• EXERCISE DESCRIPTION:
All lines in the data bearing the string "then" should be identified and copied.

(Stored entries)
theorem mainTheorem6:
  fixes p n k :: nat
  assumes "prime p" and "p \<ge> 5" and "n > k"
  shows "rat_cong
    (of_nat (\<Sum>j = 1..p - 1. ((n * p) choose (k * p + j))^2
        * ((2 * k * p + 2 * j) choose (k * p + j))
        * ((2 * n * p - 2 * k * p - 2 * j) choose (n * p - k * p - j))))
    (8 * of_nat p ^ 3 * bernoulli (p - 3) * of_nat n * of_nat (n - k) ^ 2
        * of_nat (n choose k) ^ 2 * of_nat ((2 * k) choose k)
        * of_nat ((2 * n - 2 * k - 2) choose (n - k - 1)))
    p 4"
proof -
  have "odd p" using prime_odd_nat[OF assms(1)] assms(2) by simp
  then obtain h where h: "p = 2 * h + 1" by (rule oddE)
  define m where "m = n - k - 1"
  have n: "n = k + m + 1" "n - k = m + 1" "2 * n - 2 * k - 2 = 2 * m"
    using assms(3) by (simp_all add: m_def)
  define K where "K = (of_nat n * of_nat (m + 1) ^ 2 * of_nat (n choose k) ^ 2
      * of_nat ((2 * k) choose k) * of_nat ((2 * m) choose m) :: rat)"
  have "rat_cong (K * (- 4 * of_nat (\<Sum>j = 1..h. j ^ (p - 4)))) (K * (8 * bernoulli (p - 3))) p 1"
    using rat_cong_sym[OF assms(1) bernoulli_p_minus_3_cong[OF assms(1,2) h]] unfolding K_def
    by (rule rat_cong_mult_left[OF assms(1)])
      (intro p_integral_intros[OF assms(1)])
  then have "rat_cong (of_nat p ^ 3 * (K * (- 4 * of_nat (\<Sum>j = 1..h. j ^ (p - 4)))))
      (of_nat p ^ 3 * (K * (8 * bernoulli (p - 3)))) p 4"
    by (rule rat_cong_mult_p_power[OF assms(1)]) simp
  with summand_sum_cong[OF assms(1,2) h n(1)]
  have "rat_cong (of_nat (\<Sum>j = 1..p - 1. summand p n k j)) (of_nat p ^ 3 * (K * (8 * bernoulli (p - 3)))) p 4"
    unfolding K_def by (rule rat_cong_trans[OF assms(1)])
  then show ?thesis
    unfolding summand_def K_def n(2,3) by (simp add: algebra_simps)
qed

end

• RESULT OF THIS EXERCISE:
  then obtain h where h: "p = 2 * h + 1" by (rule oddE)
  then have "rat_cong (of_nat p ^ 3 * (K * (- 4 * of_nat (\<Sum>j = 1..h. j ^ (p - 4)))))
  then show ?thesis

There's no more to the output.